The angular bracket notation is used intensively in the following discussion of the abstract container. Actually, understanding this part of templates is the only real requirement for being able to use the abstract containers. Now that we've introduced this notation, we can postpone the more thorough discussion of templates to chapter 16, and get on with their use in the form of the abstract container classes.


Most of the abstract containers are sequential containers: they represent a series of data which can be stored and retrieved in some sequential way. Examples are the vector, imlementing an extendable array, the list, implementing a datastructure in which insertions and deletions can be easily realized, a queue, in which the first element that is entered will be the first element that will be retrieved, and the stack, which is a first in, last out datastructure.


Apart from the sequential containers, several special containers are available. The pair is a basic container in which a pair of values (of types that are left open for further specification) can be stored, like two strings, two ints, a string and a double, etc..

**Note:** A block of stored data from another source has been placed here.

lemma energy_level_not_isolated:
  assumes "m x \<noteq> 0" and "0 < d"
  obtains y where "y \<noteq> x" "dist y x < d" "hamiltonian y = hamiltonian x"
proof -
  obtain u where "u \<noteq> 0" and "orthogonal (m x) u"
    using orthogonal_to_vector_exists[of "m x"] by auto
  define \<tau> where "\<tau> = d * a1 * norm u / (4 * (norm (m x))\<^sup>2)"
  have "0 < \<tau>"
    using assms a1_pos \<open>u \<noteq> 0\<close> by (simp add: \<tau>_def)
  \<comment> \<open>Tilting the tangent direction \<open>u\<close> slightly towards the gradient, the line through \<open>x\<close>
    meets the energy level again close to \<open>x\<close>.\<close>
  define h where "h = u + \<tau> *\<^sub>R m x"
  have mx_h: "m x \<bullet> h = \<tau> * (norm (m x))\<^sup>2"
    using \<open>orthogonal (m x) u\<close> by (simp add: h_def inner_add_right orthogonal_def power2_norm_eq_inner)
  have "(norm h)\<^sup>2 = (norm u)\<^sup>2 + (norm (\<tau> *\<^sub>R m x))\<^sup>2"
    unfolding h_def using \<open>orthogonal (m x) u\<close>
    by (intro norm_add_Pythagorean) (simp add: orthogonal_def inner_commute)
  then have "norm u \<le> norm h"
    using power2_le_imp_le norm_ge_zero by (metis le_add_same_cancel1 zero_le_power2)
  then have "0 < norm u" "0 < norm h"
    using \<open>u \<noteq> 0\<close> by auto
  define s where "s = - 2 * (m x \<bullet> h) / diag_form h"
  show ?thesis
  proof (rule that[of "x + s *\<^sub>R h"])
    show "hamiltonian (x + s *\<^sub>R h) = hamiltonian x"
      using \<open>0 < norm h\<close> s_def by (intro hamiltonian_second_intersection) auto
    have "s \<noteq> 0"
      using \<open>0 < \<tau>\<close> \<open>0 < norm h\<close> diag_form_pos[of h] assms(1) by (simp add: s_def mx_h)
    then show "x + s *\<^sub>R h \<noteq> x"
      using \<open>0 < norm h\<close> by auto
    have "dist (x + s *\<^sub>R h) x \<le> 2 * \<tau> * (norm (m x))\<^sup>2 / (a1 * norm h)"
      using dist_second_intersection_le[OF _ s_def] \<open>0 < norm h\<close> \<open>0 < \<tau>\<close> by (simp add: mx_h)
    also have "\<dots> \<le> 2 * \<tau> * (norm (m x))\<^sup>2 / (a1 * norm u)"
      using \<open>norm u \<le> norm h\<close> \<open>0 < \<tau>\<close> \<open>0 < norm u\<close> \<open>0 < norm h\<close> a1_pos
      by (intro divide_left_mono mult_left_mono mult_pos_pos) auto
    also have "\<dots> = d / 2"
      using a1_pos \<open>u \<noteq> 0\<close> assms(1) by (simp add: \<tau>_def field_simps)
    finally show "dist (x + s *\<^sub>R h) x < d"
      using \<open>0 < d\<close> by simp
  qed
qed

definition energy_casimir :: "real \<Rightarrow> real^3 \<Rightarrow> real" where
  "energy_casimir mu y = (norm y)\<^sup>2 - 2 / mu * hamiltonian y"

lemma has_derivative_energy_casimir:
  "(energy_casimir mu has_derivative (\<lambda>h. 2 * (y \<bullet> h) - 2 / mu * (m y \<bullet> h))) (at y)"
proof -
  have "((\<lambda>y. y \<bullet> y) has_derivative (\<lambda>h. y \<bullet> h + h \<bullet> y)) (at y)"
    by (rule has_derivative_inner[OF has_derivative_ident has_derivative_ident])
  moreover have "(\<lambda>h. y \<bullet> h + h \<bullet> y) = (\<lambda>h. 2 * (y \<bullet> h))"
    unfolding fun_eq_iff by (metis inner_commute mult_2)
  ultimately have "((\<lambda>y. y \<bullet> y) has_derivative (\<lambda>h. 2 * (y \<bullet> h))) (at y)"
    by simp
  then show ?thesis
    unfolding energy_casimir_def power2_norm_eq_inner
    by (intro has_derivative_diff has_derivative_mult_right has_derivative_hamiltonian)
qed

lemma energy_casimir_gap_lower_bound:
  assumes "m x = mu *\<^sub>R x" and "0 < mu"
  shows "(a1 - mu) * (norm (y - x))\<^sup>2 \<le> mu * (energy_casimir mu x - energy_casimir mu y)"
proof -
  have "hamiltonian y = hamiltonian x + mu * (x \<bullet> (y - x)) + diag_form (y - x) / 2"
    using hamiltonian_add_scaleR[of x 1 "y - x"] assms(1) by simp
  moreover have "(norm y)\<^sup>2 = (norm x)\<^sup>2 + 2 * (x \<bullet> (y - x)) + (norm (y - x))\<^sup>2"
    unfolding power2_norm_eq_inner by (simp add: inner_diff inner_commute)
  ultimately have "mu * (energy_casimir mu x - energy_casimir mu y)
      = diag_form (y - x) - mu * (norm (y - x))\<^sup>2"
    using \<open>0 < mu\<close> unfolding energy_casimir_def by (simp add: field_simps)
  then show ?thesis
    using diag_form_lower_bound[of "y - x"] by (simp add: algebra_simps)
qed

lemma norm_le_of_eigen_same_energy:
  assumes "m y = mu *\<^sub>R y" and "0 < mu" "mu \<le> a1" and "hamiltonian z = hamiltonian y"
  shows "norm z \<le> norm y"
proof -
  have "0 \<le> mu * (energy_casimir mu y - energy_casimir mu z)"
    using energy_casimir_gap_lower_bound[OF assms(1,2), of z] \<open>mu \<le> a1\<close>
    by (smt (verit) mult_nonneg_nonneg zero_le_power2)
  then have "(norm z)\<^sup>2 \<le> (norm y)\<^sup>2"
    using \<open>0 < mu\<close> assms(4) unfolding energy_casimir_def by (simp add: zero_le_mult_iff)
  then show ?thesis
    using power2_le_imp_le norm_ge_zero by blast
qed

lemma energy_casimir_less_of_eigen:
  assumes "m x = mu *\<^sub>R x" and "0 < mu" "mu < a1" and "y \<noteq> x"
  shows "energy_casimir mu y < energy_casimir mu x"
proof -
  have "0 < (a1 - mu) * (norm (y - x))\<^sup>2"
    using assms(3,4) by simp
  then have "0 < mu * (energy_casimir mu x - energy_casimir mu y)"
    using energy_casimir_gap_lower_bound[OF assms(1,2), of y] by linarith
  then show ?thesis
    using \<open>0 < mu\<close> by (simp add: zero_less_mult_iff)
qed

definition multiplier :: "real^3 \<Rightarrow> real" where
  "multiplier y = (y \<bullet> m y) / (y \<bullet> y)"

lemma m_eq_multiplier_scaleR: "cross3 y (m y) = 0 \<Longrightarrow> y \<noteq> 0 \<Longrightarrow> m y = multiplier y *\<^sub>R y"
  unfolding multiplier_def by (rule cross3_eq_0_imp_parallel)

lemma multiplier_eigen: "m x = mu *\<^sub>R x \<Longrightarrow> x \<noteq> 0 \<Longrightarrow> multiplier x = mu"
  by (simp add: multiplier_def)

lemma isCont_multiplier: "x \<noteq> 0 \<Longrightarrow> isCont multiplier x"
  unfolding multiplier_def
  using continuous_on_m[of UNIV] by (auto intro!: continuous_intros simp: continuous_on_eq_continuous_at)

lemma energy_casimir_le_at_equilibrium_on_level:
  assumes "cross3 y (m y) = 0" "y \<noteq> 0" and "0 < multiplier y" "multiplier y \<le> a1"
    and "hamiltonian y = hamiltonian x"
  shows "energy_casimir mu x \<le> energy_casimir mu y"
proof -
  have "norm x \<le> norm y"
    using m_eq_multiplier_scaleR[OF assms(1,2)] assms(3,4) assms(5)[symmetric]
    by (rule norm_le_of_eigen_same_energy)
  then show ?thesis
    using assms(5) by (simp add: energy_casimir_def power_mono)
qed

lemma multiplier_bounds_near_eigen:
  assumes "x \<noteq> 0" and "m x = mu *\<^sub>R x" and "0 < mu" "mu < a1"
  obtains r where "0 < r" "r < norm x" "\<And>y. y \<in> cball x r \<Longrightarrow> 0 < multiplier y \<and> multiplier y < a1"
proof -
  obtain d where "0 < d" and d: "\<And>y. dist y x < d \<Longrightarrow> dist (multiplier y) mu < min mu (a1 - mu)"
    using isCont_multiplier[OF assms(1)] multiplier_eigen[OF assms(2,1)] assms(3,4)
    unfolding continuous_at_eps_delta by (metis diff_gt_0_iff_gt min_less_iff_conj)
  show ?thesis
  proof (rule that)
    show "0 < min (d / 2) (norm x / 2)" "min (d / 2) (norm x / 2) < norm x"
      using \<open>0 < d\<close> assms(1) by (auto simp: min_less_iff_disj)
    fix y assume "y \<in> cball x (min (d / 2) (norm x / 2))"
    then have "dist y x < d"
      using \<open>0 < d\<close> by (simp add: dist_commute)
    then have "\<bar>multiplier y - mu\<bar> < mu" "\<bar>multiplier y - mu\<bar> < a1 - mu"
      using d by (auto simp: dist_real_def)
    then show "0 < multiplier y \<and> multiplier y < a1"
      by linarith
  qed
qed

theorem not_lyapunov_stable_eigen_equilibrium:
  assumes "x \<noteq> 0" and "m x = mu *\<^sub>R x" and "0 < mu" "mu < a1" and "0 < eps"
  shows "\<not> lyapunov_stable (revised_field eps a1 a2 a3 a b c) x"
proof -
  obtain r where "0 < r" "r < norm x"
    and multiplier_bounds: "\<And>y. y \<in> cball x r \<Longrightarrow> 0 < multiplier y \<and> multiplier y < a1"
    using multiplier_bounds_near_eigen[OF assms(1-4)] by blast
  let ?F = "revised_field eps a1 a2 a3 a b c"
  let ?W = "\<lambda>y. energy_casimir mu x - energy_casimir mu y"
  let ?G = "\<lambda>y. 2 * eps * (norm (cross3 y (m y)))\<^sup>2"
  have F_eq: "?F y = cross3 y (m y) + eps *\<^sub>R cross3 (cross3 y (m y)) (m y)" for y
    by (simp add: revised_field_def)
  have G_pos: "0 < ?G y" if "y \<in> cball x r" "hamiltonian y = hamiltonian x" "0 < ?W y" for y
  proof (rule ccontr)
    assume "\<not> 0 < ?G y"
    then have "cross3 y (m y) = 0"
      using \<open>0 < eps\<close> by (auto simp: zero_less_mult_iff)
    moreover have "y \<noteq> 0"
      using that(1) \<open>r < norm x\<close> by auto
    ultimately have "?W y \<le> 0"
      using energy_casimir_le_at_equilibrium_on_level multiplier_bounds[OF that(1)] that(2)
      by (simp add: less_imp_le)
    then show False
      using that(3) by simp
  qed
  show ?thesis
  proof (rule Chetaev_instability[where r = r and V = hamiltonian
        and DV = "\<lambda>y h. m y \<bullet> h" and W = ?W and DW = "\<lambda>y h. - (2 * (y \<bullet> h) - 2 / mu * (m y \<bullet> h))"
        and G = ?G])
    show "(?W has_derivative (\<lambda>h. - (2 * (y \<bullet> h) - 2 / mu * (m y \<bullet> h)))) (at y)" for y
      using has_derivative_diff[OF has_derivative_const has_derivative_energy_casimir] by simp
    show "?G y \<le> - (2 * (y \<bullet> ?F y) - 2 / mu * (m y \<bullet> ?F y))" for y
      by (simp add: F_eq revised_term_inner_self revised_term_inner_m)
    show "continuous_on (cball x r) ?G"
      using continuous_on_m by (intro continuous_intros continuous_on_cross)
    show "\<exists>y. dist y x < d \<and> hamiltonian y = hamiltonian x \<and> 0 < ?W y" if "0 < d" for d
    proof -
      have "m x \<noteq> 0"
        using assms(1-3) by simp
      then obtain y where "y \<noteq> x" "dist y x < d" "hamiltonian y = hamiltonian x"
        using energy_level_not_isolated \<open>0 < d\<close> by blast
      then show ?thesis
        using energy_casimir_less_of_eigen[OF assms(2-4)] by auto
    qed
  qed (use \<open>0 < r\<close> \<open>0 < eps\<close> has_derivative_hamiltonian G_pos in
    \<open>auto simp: F_eq revised_term_inner_m\<close>)
qed

end

lemma mvec_e2:
  assumes "lam \<noteq> a1" "lam \<noteq> a2" "lam \<noteq> a3"
  shows "mvec a1 a2 a3 a b c (e2 a1 a2 a3 a b c lam) = lam *\<^sub>R e2 a1 a2 a3 a b c lam"
  using assms by (simp add: mvec_def e2_def vec_eq_iff forall_3 field_simps)

lemma e2_neq_0:
  assumes "(a, b, c) \<noteq> (0, 0, 0)" and "lam \<noteq> a1" "lam \<noteq> a2" "lam \<noteq> a3"
  shows "e2 a1 a2 a3 a b c lam \<noteq> 0"
  using assms by (auto simp: e2_def vec_eq_iff forall_3)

A variant of the pair is the complex container, which implements operations that are defined on complex numbers.


All abstract containers described in this chapter and the string datatype discussed in section 3.3.3 are part of the standard template library. There exists also an abstract container for the implementation of a hashtable, but that container is not (yet) accepted by the ISO/ANSI standard. The final section of this chapter will cover the hashtable to some extent.


All containers support the = operator to assign two containers of the same type to each other. All containers also support the ==, !=, <, <=, > and >= operators.


If a user-defined type (usually a class-type) is to be stored in a container, the user-defined type must support


Closely linked to the standard template library are the generic algorithms. These algorithms may be used to perform even more tasks than is possible with the containers themselves, like counting, filling, merging, filtering etc.. An overview of the generic algorithms and their applications is given in chapter 10. Generic algorithms usually rely on the availability of iterators, which represent begin and endpoints for processing data stored inside the containers. The abstract containers normally have constructors and members using iterators themselves, and they have members returning iterators (comparable to the string::begin() and string::end() members). In the remainder of this chapter the use of iterators is not really covered. Refer to chapter 10 for the discussion of iterators.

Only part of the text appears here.